Refer to slide 21 in lecture on “Development of the CNS”

Question 21

Explain the reason for the curvature of the brain, including internal structures.

Answer 21

“The cerebral hemispheres and lateral ventricles become C-shaped as a result of the non-uniform expansion of the telencephalon. As the frontal, parietal, temporal and occipital lobes grow the telencephalon expands like an inflating balloon. A small island of tissue overlying the basal ganglia expands comparatively little and is progressively ‘swallowed up’ by the surrounding frontal, parietal and temporal lobes (opercula of cortex from each adjacent lobe cover the insula). This region corresponds to the insula, which is hidden within the depths of the lateral sulcus in the mature brain.

As the telencephalon continues to expand it eventually envelops and fuses with the diencephalon. Once this has happened, axons can pass directly between the cerebral hemispheres and brain stem, traversing the basal ganglia and partially dividing them. Many internal hemispheric structures are distorted by the expansion of the cerebral hemispheres and take on the same C-shaped profile as the lateral ventricles. These include the hippocampus and its outflow pathway, the fornix.” Also include Corpus Callosum, interventricular foramen, Caudate Nucleus.

Question 22

Define cephalic flexure.

Answer 22

the sharp, ventrally concave bend in the developing midbrain of the embryo.

Question 23

Identify the main brain lobes and grooves.

Answer 23

FRONTAL LOBE
Central sulcus
PARIETAL LOBE
Parieto-occipital sulcus 
OCCIPITAL LOBE
Pre-occipital notch
TEMPORAL NOTCH 

Lateral fissure (“separates the frontal and parietal lobes from the temporal lobes, insular cortex lies deep within the lateral sulcus”)

Question 24

What is the function of gyri ?

Answer 24

Gyri increase surface and volume of grey matter

Question 25

When do brain lobes and groove become evidence ?

Answer 25

At full term.

Question 26

Describe the anatomical location of the lateral ventricles.

Answer 26

“Begins in the temporal lobe, travels through a body in the parietal lobe and frontal lobe, and ultimately terminates at the interventricular foramina where each lateral ventricle connects to the single, central third ventricle”

Question 27

What is the function of the fornix ?

Answer 27

Connects hippocampus with anterior structures

Question 28

What is the function of the Corpus Callosum ?

Answer 28

Connects the two cerebral hemispheres

Question 29

What is the main function of the hippocampus ?

Answer 29

Role in memory

Question 30

What lobe is the hippocampus located in ?

Answer 30

Temporal lobe

Question 31

What is the role of the Interventricular foramen of Monro ?

Answer 31

Fluid filled space

Question 32

Describe the anatomical location of the fornix.

Answer 32

Loops around the III ventricle and diencephalon, connects hippocampus with anterior structures

Question 33

Identify the fornix, Corpus Callosum, Lateral ventricle, Hippocampus, and Interventricular Foramen on a sagittal plane of the brain.

Answer 33

Refer to slides 31 and 32 of lecture “Development of the CNS”

Question 34

Identify the fornix, Corpus Callosum, Lateral ventricle, Hippocampus on a coronal plane of the brain.

Answer 34

Refer to slide 33 of lecture “Development of the CNS”

Question 35

What is the Caudate Nucleus ?

Answer 35

An elongated, arched gray matter mass closely related to the lateral ventricle throughout its entire extent, which, together with the putamen, forms the neostriatum (it’s a basal ganglion). Functions in motor control.

Question 36

What is a basal ganglion ? Identify its main structural components.

Answer 36

Any of several masses of gray matter embedded in the cerebral hemispheres that are involved in the regulation of voluntary movement.
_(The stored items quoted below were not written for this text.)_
lemma has_bochner_integral_indicator_comp:
  assumes "finite_measure M" "space M = UNIV" "X \<in> measurable M N" "S \<in> sets N"
  shows "has_bochner_integral M (\<lambda>x. indicator S (X x) :: real) (measure M (X -` S))"
proof -
  have "X -` S \<in> sets M" using measurable_sets[OF assms(3,4)] assms(2) by simp
  moreover have "(\<lambda>x. indicator S (X x) :: real) = indicator (X -` S)"
    by (auto simp: indicator_def)
  ultimately show ?thesis
    using finite_measure.emeasure_finite[OF assms(1)] by (simp add: less_top has_bochner_integral_real_indicator)
qed

lemma inner_clamp_grad_lower_bound:
  fixes M :: "'a::euclidean_space measure"
  assumes fin: "finite_measure M" and sets: "sets M = sets borel" and int: "integrable M norm"
    and frame: "norm w = 1" "norm e = 1" "w \<bullet> e = 0"
    and dist: "distributed M lborel (\<lambda>x. (w \<bullet> x, e \<bullet> x)) g"
    and g_lower: "\<And>z. norm z \<le> R \<Longrightarrow> ennreal (1 / U) \<le> g z" and g_upper: "\<And>z. g z \<le> ennreal U"
    and q: "q \<in> borel_measurable borel" "\<And>x. p \<le> q x" "\<And>x. q x \<le> 1" "0 \<le> p"
    and params: "s > 0" "\<kappa> \<ge> 0" "\<bar>c\<bar> * \<sigma> / 2 \<le> s * \<kappa>" "\<kappa> < R / 2" "0 < \<sigma>" "\<sigma> \<le> R / 2" "0 < U"
  shows "p * R\<^sup>2 * \<sigma> / (4 * U) - 2 * U * \<sigma> * \<kappa>\<^sup>2
           \<le> clamp_grad M (\<lambda>x. sgn1 ((c *\<^sub>R w + s *\<^sub>R e) \<bullet> x) * q x) \<sigma> w \<bullet> e"
proof -
  define \<beta> where "\<beta> = (\<lambda>x. sgn1 ((c *\<^sub>R w + s *\<^sub>R e) \<bullet> x) * q x)"
  define X where "X x = (w \<bullet> x, e \<bullet> x)" for x
  define I where "I = {- \<sigma> / 2<..<\<sigma> / 2}"
  define A where "A = I \<times> ({- (3 * R / 4)..- (R / 2)} \<union> {R / 2..3 * R / 4})"
  define B where "B = I \<times> {- \<kappa>..\<kappa>}"
  have "R > 0" using params by linarith
  have space: "space M = UNIV" using sets_eq_imp_space_eq[OF sets] by simp
  have A_sets: "A \<in> sets lborel" and B_sets: "B \<in> sets lborel"
    unfolding A_def B_def I_def by (auto intro!: borel_Times)
  note X_meas = distributed_measurable[OF dist, folded X_def]
  have "p * R\<^sup>2 * \<sigma> / (4 * U) = p * (R / 2) * (1 / U * (\<sigma> * (R / 2)))"
    by (simp add: power2_eq_square)
  also have "\<dots> \<le> p * (R / 2) * measure M (X -` A)"
    using distributed_measure_ge[OF fin dist[folded X_def] A_sets g_lower, of "\<sigma> * (R / 2)"]
      norm_le_of_margin_rectangle[of \<sigma> R] emeasure_lborel_margin_rectangle[of \<sigma> R] params q(4) \<open>R > 0\<close>
    by (intro mult_left_mono) (simp_all add: A_def I_def space)
  finally have A_bound: "p * R\<^sup>2 * \<sigma> / (4 * U) \<le> p * (R / 2) * measure M (X -` A)" .
  have "emeasure lborel B = ennreal (\<sigma> * (2 * \<kappa>))"
    using params unfolding B_def I_def by (simp add: emeasure_lborel_Times ennreal_mult)
  then have "\<kappa> * measure M (X -` B) \<le> \<kappa> * (U * (\<sigma> * (2 * \<kappa>)))"
    using distributed_measure_le[OF fin dist[folded X_def] B_sets g_upper] params
    by (intro mult_left_mono) (simp_all add: space)
  also have "\<dots> = 2 * U * \<sigma> * \<kappa>\<^sup>2"
    by (simp add: power2_eq_square)
  finally have B_bound: "\<kappa> * measure M (X -` B) \<le> 2 * U * \<sigma> * \<kappa>\<^sup>2" .
  have \<beta>_meas: "\<beta> \<in> borel_measurable borel"
    using q(1) unfolding \<beta>_def sgn1_def by measurable
  have \<beta>_le: "\<bar>\<beta> x\<bar> \<le> 1" for x
    using q(2)[of x] q(3)[of x] q(4) by (auto simp: \<beta>_def sgn1_def)
  have "indicator (ramp_slab w \<sigma>) x = (indicator I (w \<bullet> x) :: real)" for x
    by (auto simp: I_def ramp_slab_def indicator_def)
  then have grad: "has_bochner_integral M (\<lambda>x. \<beta> x * indicator I (w \<bullet> x) * (e \<bullet> x)) (clamp_grad M \<beta> \<sigma> w \<bullet> e)"
    using has_bochner_integral_inner_clamp_grad[OF sets int \<beta>_meas \<beta>_le frame(1), where \<sigma> = \<sigma> and h = e] frame(3)
    by simp
  note A_int = has_bochner_integral_indicator_comp[OF fin space X_meas A_sets]
  note B_int = has_bochner_integral_indicator_comp[OF fin space X_meas B_sets]
  have "p * (R / 2) * measure M (X -` A) - \<kappa> * measure M (X -` B)
      = (\<integral>x. p * (R / 2) * indicator A (X x) - \<kappa> * indicator B (X x) \<partial>M)"
    using integrable.intros[OF A_int] integrable.intros[OF B_int]
    by (simp add: has_bochner_integral_integral_eq[OF A_int] has_bochner_integral_integral_eq[OF B_int])
  also have "\<dots> \<le> (\<integral>x. \<beta> x * indicator I (w \<bullet> x) * (e \<bullet> x) \<partial>M)"
  proof (rule integral_mono)
    show "p * (R / 2) * indicator A (X x) - \<kappa> * indicator B (X x)
        \<le> \<beta> x * indicator I (w \<bullet> x) * (e \<bullet> x)" for x
      using sign_weighted_margin_lower_bound[OF params(1-4) q(4) q(2)[of x] q(3)[of x], of "w \<bullet> x" "e \<bullet> x"]
      by (simp add: A_def B_def I_def X_def \<beta>_def inner_add_left ac_simps)
  qed (use integrable.intros[OF A_int] integrable.intros[OF B_int] integrable.intros[OF grad] in auto)
  also have "\<dots> = clamp_grad M \<beta> \<sigma> w \<bullet> e"
    using grad by (rule has_bochner_integral_integral_eq)
  finally show ?thesis using A_bound B_bound unfolding \<beta>_def by linarith
qed

lemma sin_lt_sin_between:
  assumes "0 < \<theta>" "\<theta> < pi / 2" "\<theta> < \<phi>" "\<phi> < pi - \<theta>"
  shows "sin \<theta> < sin \<phi>"
proof (cases "\<phi> \<le> pi / 2")
  case True
  then show ?thesis using assms by (intro sin_monotone_2pi) auto
next
  case False
  then have "sin \<theta> < sin (pi - \<phi>)" using assms by (intro sin_monotone_2pi) auto
  then show ?thesis by simp
qed

lemma sin_vec_angle:
  fixes u v :: "'a::real_inner"
  assumes "norm u = 1" "norm v = 1"
  shows "sin (vec_angle u v) = sqrt (1 - (u \<bullet> v)\<^sup>2)"
  using Cauchy_Schwarz_ineq2[of u v] assms by (simp add: vec_angle_def sin_arccos_abs)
1) Caudate Nucleus (head is located in the floor of the lateral ventricle and the body arches over the thalamus in a C shape tapering off into a tail located in the roof of the inferior horn of the lateral ventricle)
2) Putamen (most lateral of the basal ganglia and embryologically is connected to the caudate nucleus)
3) Globus pallidus (medial to the putamen and lateral to the thalamus)
(putamen and GB make up lentiform nucleus)
4) Substantia nigra (SN)
in the rostral midbrain
5) Subthalamic nucleus (STN)
located inferior to the thalamus

Question 37

Describe the separation of the different parts of the basal ganglia.

Answer 37

“The internal capsule is a white matter structure situated in the inferomedial part of each cerebral hemisphere of the brain. It carries information past the basal ganglia, separating the caudate nucleus and the thalamus from the putamen and the globus pallidus”

Question 38

Identify the basal ganglia, Lentiform nucleus, Caudate Nucleus, and Internal Capsule on a transverse plane of the brain.

Answer 38

Refer to slide 35 of lecture “Development of the CNS”

Question 39

What is the function of the amygdala ? Is is part of the basal ganglia ?

Answer 39

Nucleus at the front of the temporal lobe. The amygdala is concerned with memory registration.
No

Question 40

Draw a typical basal ganglion, along with its main structural components (+ internal capsule, amygdala and thalamus).

Answer 40

Refer to slide 36 in lecture “Development of the CNS”

Question 41

Identify the C Nucleus, Internal Capsule, L ventricles, Lentiform Nucleus on a coronal slice.

Answer 41

Refer to slide 37 in lecture “Development of the CNS”

Question 42

Explain how the fourth ventricle forms.

Answer 42

Around 6 weeks, a dorsal fold develops in the rhombencephalon (pontine flexure) that divides the rhombencephalic vesicle into the myencephalic vesicle (the myelencephalon becomes the caudal part of the 4th ventricle, i.e., the medulla) and the metencephalic vesicle (the metencephalon becomes the rostral part of the 4th ventricle, i.e., the pons).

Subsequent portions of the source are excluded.